6. The Referee be an appropriately experienced costs consultant selected by the Court.
7. As soon as practicable from the date the reference commences, the Referee submit the Report to the Court, addressed to the District Registrar, in accordance with FCR 28.66.
8. FCR 28.65(7) be amended such that any brief statement address only the procedure to be adopted on the Reference.
9. In the Report, the Referee:
(a) make, to the extent it was necessary for the Referee to make any findings of fact in order to express the Referee’s opinion on the Relevant Questions, a statement of the facts found by the Referee from which the Court may draw such inferences as it thinks fit; and
(b) may submit any question arising on the Reference for the decision of the Court and provide alternative opinions on the Relevant Questions which depend upon how the Court determines any question submitted to the Court.
10. MPG and VAH deliver to the Referee following his or her appointment a copy of these Orders, together with copies of FCR 28, the demand issued on 3 November 2023, the transcript of the hearing on 1 March 2024, and the pleadings filed in these proceedings.
11. Any amendments to the Annexure, whether by agreement or on a contested basis, are to be the subject of an order made by the Court.
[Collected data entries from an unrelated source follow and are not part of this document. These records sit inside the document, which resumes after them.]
(* Let $d\ge3$ be an integer, $p_1,\dots,p_d\in(0,1)$, and let $J^d$ be the first rencontre-time of $d$ independent Bernoulli sequences with these parameters (see context). For $0\le x<1$ let $\varphi_d(x)=\sum_{n=1}^\infty P(R^d_n)x^n$ and $\varphi_d(1-)=\lim_{x\to1-}\varphi_d(x)$. Then: in the case $d=3$, if $p_1=p_2=p_3$ then $\varphi_3(1-)=\infty$ and $P(J^3=\infty)=0$ (a rencontre happens almost surely); if $p_1,p_2,p_3$ are not all equal then $\varphi_3(1-)<\infty$ and $P(J^3=\infty)>0$. In the case $d\ge4$, $\varphi_d(1-)<\infty$ regardless of the values of $p_1,\dots,p_d$, and $P(J^d=\infty)>0$.
   Context: Let $d\ge2$ be an integer and $p_1,\dots,p_d\in(0,1)$. Let $\{X^j_k\}_{k\ge1}$, $j=1,\dots,d$, be independent sequences, the $j$-th consisting of i.i.d. Bernoulli random variables with success parameter $p_j$ (all $X^j_k$ mutually independent). Set $S^j(n)=\sum_{i=1}^n X^j_i$. For $n\ge1$, $R^d_n$ denotes the event $\{S^1(n)=S^2(n)=\dots=S^d(n)\}$ (a "rencontre at time $n$"), and $J^d=\inf\{n\ge1:R^d_n \text{ occurs}\}$ with $\inf\emptyset=\infty$. *)

theory Defs
  imports "HOL-Probability.Probability"
begin

text \<open>X j k: the k-th Bernoulli variable (k \<ge> 1) of the j-th sequence (1 \<le> j \<le> d),
  a boolean random variable (True = success).\<close>

definition partial_sum :: "(nat \<Rightarrow> nat \<Rightarrow> 'a \<Rightarrow> bool) \<Rightarrow> nat \<Rightarrow> nat \<Rightarrow> 'a \<Rightarrow> nat" where
  "partial_sum X j n \<omega> = (\<Sum>i\<in>{1..n}. of_bool (X j i \<omega>))"

definition rencontre :: "'a measure \<Rightarrow> (nat \<Rightarrow> nat \<Rightarrow> 'a \<Rightarrow> bool) \<Rightarrow> nat \<Rightarrow> nat \<Rightarrow> 'a set" where
  "rencontre M X d n = {\<omega> \<in> space M. \<forall>j\<in>{1..d}. partial_sum X j n \<omega> = partial_sum X 1 n \<omega>}"

definition no_rencontre :: "'a measure \<Rightarrow> (nat \<Rightarrow> nat \<Rightarrow> 'a \<Rightarrow> bool) \<Rightarrow> nat \<Rightarrow> 'a set" where
  "no_rencontre M X d = {\<omega> \<in> space M. \<forall>n\<ge>1. \<omega> \<notin> rencontre M X d n}"

definition phi :: "'a measure \<Rightarrow> (nat \<Rightarrow> nat \<Rightarrow> 'a \<Rightarrow> bool) \<Rightarrow> nat \<Rightarrow> real \<Rightarrow> real" where
  "phi M X d x = (\<Sum>n. measure M (rencontre M X d (Suc n)) * x ^ Suc n)"

end

theory Submission
  imports Defs
begin

text \<open>Write \<open>u n\<close> for the probability of a rencontre at time \<open>n\<close> and \<open>g L\<close> for the
probability of no rencontre at the times \<open>1, \<dots>, L\<close>. Splitting according to the last rencontre
up to time \<open>N\<close>, after which the sequences start afresh and independently of the past, gives the
renewal equation \<open>\<Sum>m\<le>N. u m * g (N - m) = 1\<close>. Hence \<open>P(J = \<infinity>) = lim g\<close> is positive
exactly when \<open>\<Sum> u\<close> converges, which is also exactly when \<open>\<phi>\<^sub>d(1-)\<close> is finite.
By independence \<open>u n = \<Sum>c. \<Prod>j. b(n, p j, c)\<close> with binomial weights \<open>b\<close>. If two parameters
differ, exponential tilting gives \<open>\<Sum>c. b(n, a, c) b(n, b, c) \<le> \<rho>\<^sup>n\<close> with \<open>\<rho> < 1\<close>; if
\<open>d \<ge> 4\<close>, the local bound \<open>b(n, p, c) = O(1/\<surd>n)\<close> gives \<open>u n = O(n powr (-3/2))\<close>. If \<open>d = 3\<close>
and the parameters agree, \<open>u n = \<Sum>c. b(n, p, c)\<^sup>3 \<ge> 1 / (72 n)\<close> by Hoeffding's inequality and
Jensen's inequality, so \<open>\<Sum> u\<close> diverges.\<close>

section \<open>Binomial probabilities\<close>

definition binom_prob :: "nat \<Rightarrow> real \<Rightarrow> nat \<Rightarrow> real" where
  "binom_prob n p k = real (n choose k) * p ^ k * (1 - p) ^ (n - k)"

lemma binom_prob_eq_pmf: "0 \<le> p \<Longrightarrow> p \<le> 1 \<Longrightarrow> binom_prob n p k = pmf (binomial_pmf n p) k"
  by (simp add: binom_prob_def)

lemma binom_prob_nonneg: "0 \<le> p \<Longrightarrow> p \<le> 1 \<Longrightarrow> 0 \<le> binom_prob n p k"
  by (simp add: binom_prob_def)

lemma binom_prob_eq_0: "n < k \<Longrightarrow> binom_prob n p k = 0"
  by (simp add: binom_prob_def)

lemma binom_prob_generating_function: "(\<Sum>k\<le>n. binom_prob n p k * z ^ k) = (p * z + (1 - p)) ^ n"
  unfolding binom_prob_def binomial_ring by (intro sum.cong) (auto simp: power_mult_distrib mult_ac)

lemma sum_binom_prob: "(\<Sum>k\<le>n. binom_prob n p k) = 1"
  using binom_prob_generating_function[of n p 1] by simp

lemma sum_binom_prob_le_1:
  assumes "0 \<le> p" "p \<le> 1"
  shows "(\<Sum>k\<in>A. binom_prob n p k) \<le> 1"
proof (cases "finite A")
  case True
  have "(\<Sum>k\<in>A. binom_prob n p k) = (\<Sum>k\<in>A \<inter> {..n}. binom_prob n p k)"
    using True by (intro sum.mono_neutral_right) (auto simp: binom_prob_def binomial_eq_0_iff)
  also have "\<dots> \<le> (\<Sum>k\<le>n. binom_prob n p k)"
    using assms by (intro sum_mono2) (auto simp: binom_prob_nonneg)
  finally show ?thesis by (simp add: sum_binom_prob)
qed simp

lemma binom_prob_le_1: "0 \<le> p \<Longrightarrow> p \<le> 1 \<Longrightarrow> binom_prob n p k \<le> 1"
  using sum_binom_prob_le_1[of p n "{k}"] by simp

lemma binom_prob_0: "binom_prob 0 p k = (if k = 0 then 1 else 0)"
  by (simp add: binom_prob_def)

lemma binom_prob_Suc_0: "binom_prob (Suc n) p 0 = binom_prob n p 0 * (1 - p)"
  by (simp add: binom_prob_def)

lemma binom_prob_Suc_Suc:
  "binom_prob (Suc n) p (Suc k) = binom_prob n p k * p + binom_prob n p (Suc k) * (1 - p)"
proof (cases k n rule: linorder_cases)
  case less
  then have "n - k = Suc (n - Suc k)" by simp
  then have q: "(1 - p) ^ (n - k) = (1 - p) ^ (n - Suc k) * (1 - p)"
    by (simp only: power_Suc2)
  show ?thesis
    unfolding binom_prob_def binomial_Suc_Suc diff_Suc_Suc of_nat_add q by (simp add: algebra_simps)
next
  case equal
  then show ?thesis by (simp add: binom_prob_def)
next
  case greater
  then show ?thesis by (simp add: binom_prob_eq_0)
qed

lemma binom_prob_symmetric: "k \<le> n \<Longrightarrow> binom_prob n p k = binom_prob n (1 - p) (n - k)"
  unfolding binom_prob_def by (simp add: binomial_symmetric[symmetric] mult_ac)

lemma binom_prob_Suc_ratio:
  "binom_prob n p (Suc k) * (real k + 1) * (1 - p) = binom_prob n p k * (real n - real k) * p"
proof (cases "k < n")
  case True
  have "(n choose Suc k) * Suc k = (n choose k) * (n - k)"
    using binomial_absorption[of k n] binomial_absorb_comp[of n k] by (simp add: mult_ac)
  then have choose: "real (n choose Suc k) * (real k + 1) = real (n choose k) * (real n - real k)"
    using True by (metis of_nat_Suc of_nat_diff of_nat_mult less_imp_le add.commute)
  from True have "n - k = Suc (n - Suc k)" by simp
  then have q: "(1 - p) ^ (n - k) = (1 - p) ^ (n - Suc k) * (1 - p)"
    by (simp only: power_Suc2)
  have "binom_prob n p (Suc k) * (real k + 1) * (1 - p)
      = (real (n choose Suc k) * (real k + 1)) * (p ^ k * p) * ((1 - p) ^ (n - Suc k) * (1 - p))"
    by (simp add: binom_prob_def mult_ac)
  also have "\<dots> = (real (n choose k) * (real n - real k)) * (p ^ k * p) * (1 - p) ^ (n - k)"
    by (simp only: choose q)
  also have "\<dots> = binom_prob n p k * (real n - real k) * p"
    by (simp add: binom_prob_def mult_ac)
  finally show ?thesis .
next
  case False
  then show ?thesis by (cases "k = n") (simp_all add: binom_prob_eq_0)
qed

lemma binom_prob_Suc_lower:
  assumes p: "0 < p" "p < 1" and k: "real k \<le> real n * p"
    and t: "real (Suc t) \<le> real n * p * (1 - p)"
  shows "(1 - real (Suc t) / (real n * p * (1 - p))) * binom_prob n p (k + t)
           \<le> binom_prob n p (Suc (k + t))"
proof -
  define c where "c = k + t"
  define s where "s = real (Suc t)"
  define v where "v = real n * p * (1 - p)"
  have "0 < real (Suc t)" by simp
  then have "v > 0" using t unfolding v_def by linarith
  then have n: "real n > 0" using p unfolding v_def by (auto simp: zero_less_mult_iff)
  have f: "0 \<le> 1 - s / v" using t \<open>v > 0\<close> unfolding v_def s_def by simp
  have c1: "real c + 1 \<le> real n * p + s" and c2: "real n - real c \<ge> real n * (1 - p) - s + 1"
    using k unfolding c_def s_def by (simp_all add: algebra_simps)
  have "(1 - s / v) * ((real c + 1) * (1 - p)) \<le> (1 - s / v) * ((real n * p + s) * (1 - p))"
    using f c1 p by (intro mult_left_mono mult_right_mono) auto
  also have "\<dots> = real n * p * (1 - p) + s * (1 - p) - s - s\<^sup>2 / (real n * p)"
    unfolding v_def using p n by (simp add: field_simps power2_eq_square)
  also have "\<dots> \<le> (real n * (1 - p) - s + 1) * p"
  proof -
    have "0 \<le> s\<^sup>2 / (real n * p)" using p n by simp
    then show ?thesis by (simp add: algebra_simps) (use p in linarith)
  qed
  also have "\<dots> \<le> (real n - real c) * p"
    using c2 p by (intro mult_right_mono) auto
  finally have key: "(1 - s / v) * ((real c + 1) * (1 - p)) \<le> (real n - real c) * p" .
  have "(1 - s / v) * binom_prob n p c * ((real c + 1) * (1 - p))
        \<le> binom_prob n p c * ((real n - real c) * p)"
    using mult_left_mono[OF key binom_prob_nonneg[of p n c]] p by (simp add: mult_ac)
  also have "\<dots> = binom_prob n p (Suc c) * ((real c + 1) * (1 - p))"
    using binom_prob_Suc_ratio[of n p c] by (simp add: mult_ac)
  finally have "(1 - s / v) * binom_prob n p c * ((real c + 1) * (1 - p))
      \<le> binom_prob n p (Suc c) * ((real c + 1) * (1 - p))" .
  then have "(1 - s / v) * binom_prob n p c \<le> binom_prob n p (Suc c)"
    by (rule mult_right_le_imp_le) (use p in \<open>auto intro!: mult_pos_pos\<close>)
  then show ?thesis unfolding c_def s_def v_def .
qed

lemma binom_prob_add_lower:
  assumes p: "0 < p" "p < 1" and k: "real k \<le> real n * p"
  shows "real i \<le> real n * p * (1 - p) \<Longrightarrow>
    (1 - real i * (real i + 1) / (2 * (real n * p * (1 - p)))) * binom_prob n p k \<le> binom_prob n p (k + i)"
proof (induction i)
  case (Suc i)
  define v where "v = real n * p * (1 - p)"
  have v: "v > 0" using Suc.prems unfolding v_def by linarith
  have IH: "(1 - real i * (real i + 1) / (2 * v)) * binom_prob n p k \<le> binom_prob n p (k + i)"
    using Suc by (simp add: v_def)
  have step: "(1 - real (Suc i) / v) * binom_prob n p (k + i) \<le> binom_prob n p (k + Suc i)"
    using binom_prob_Suc_lower[OF p k, of i] Suc.prems by (simp add: v_def)
  have f: "0 \<le> 1 - real (Suc i) / v" using Suc.prems v by (simp add: v_def)
  have "1 - real (Suc i) * (real (Suc i) + 1) / (2 * v)
      \<le> (1 - real (Suc i) / v) * (1 - real i * (real i + 1) / (2 * v))"
    using v by (simp add: field_simps)
  then have "(1 - real (Suc i) * (real (Suc i) + 1) / (2 * v)) * binom_prob n p k
      \<le> (1 - real (Suc i) / v) * ((1 - real i * (real i + 1) / (2 * v)) * binom_prob n p k)"
    using p by (simp add: mult.assoc[symmetric] mult_right_mono binom_prob_nonneg)
  also have "\<dots> \<le> (1 - real (Suc i) / v) * binom_prob n p (k + i)"
    using IH f by (rule mult_left_mono)
  also have "\<dots> \<le> binom_prob n p (k + Suc i)" by (rule step)
  finally show ?case by (simp add: v_def)
qed simp

lemma binom_prob_le_below_mean:
  assumes p: "0 < p" "p < 1" and k: "real k \<le> real n * p"
    and m: "m \<ge> 1" "real m ^ 2 \<le> real n * p * (1 - p)"
  shows "binom_prob n p k \<le> 2 / real m"
proof -
  have "1 \<le> real m ^ 2" using m(1) by simp
  then have v: "real n * p * (1 - p) > 0" using m(2) by linarith
  have half: "binom_prob n p k / 2 \<le> binom_prob n p (k + i)" if "i < m" for i
  proof -
    have ii: "real i * (real i + 1) \<le> real m ^ 2"
      using that by (simp add: power2_eq_square mult_mono)
    moreover have "real i \<le> real i * (real i + 1)" by (simp add: algebra_simps)
    ultimately have "real i \<le> real n * p * (1 - p)" using m(2) by linarith
    then have "(1 - real i * (real i + 1) / (2 * (real n * p * (1 - p)))) * binom_prob n p k
        \<le> binom_prob n p (k + i)"
      by (rule binom_prob_add_lower[OF p k])
    moreover have "real i * (real i + 1) / (2 * (real n * p * (1 - p))) \<le> 1 / 2"
      using ii m(2) v by (simp add: field_simps)
    moreover have "0 \<le> binom_prob n p k" using p by (simp add: binom_prob_nonneg)
    ultimately show ?thesis
      using mult_right_mono[of "1 / 2" "1 - real i * (real i + 1) / (2 * (real n * p * (1 - p)))"
          "binom_prob n p k"] by linarith
  qed
  have "real m * (binom_prob n p k / 2) \<le> (\<Sum>i<m. binom_prob n p (k + i))"
    using sum_mono[of "{..<m}" "\<lambda>_. binom_prob n p k / 2" "\<lambda>i. binom_prob n p (k + i)"] half
    by simp
  also have "\<dots> = (\<Sum>c\<in>(+) k ` {..<m}. binom_prob n p c)"
    by (simp add: sum.reindex)
  also have "\<dots> \<le> 1" using p by (intro sum_binom_prob_le_1) auto
  finally show ?thesis using m by (simp add: field_simps)
qed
12. If for any reason the Referee is unable to comply with the order for delivery of the Report to the Court by the date in this order, the Referee is to provide to the District Registrar an interim report setting out the reasons for such inability and an application to extend the time within which to deliver the Report to the Court to a date when the Referee will be able to provide the Report.
13. The Referee, MPG and VAH have liberty to seek directions with respect to any matter arising in the Reference upon application made on 24 hours’ notice or such other notice ordered by the Court.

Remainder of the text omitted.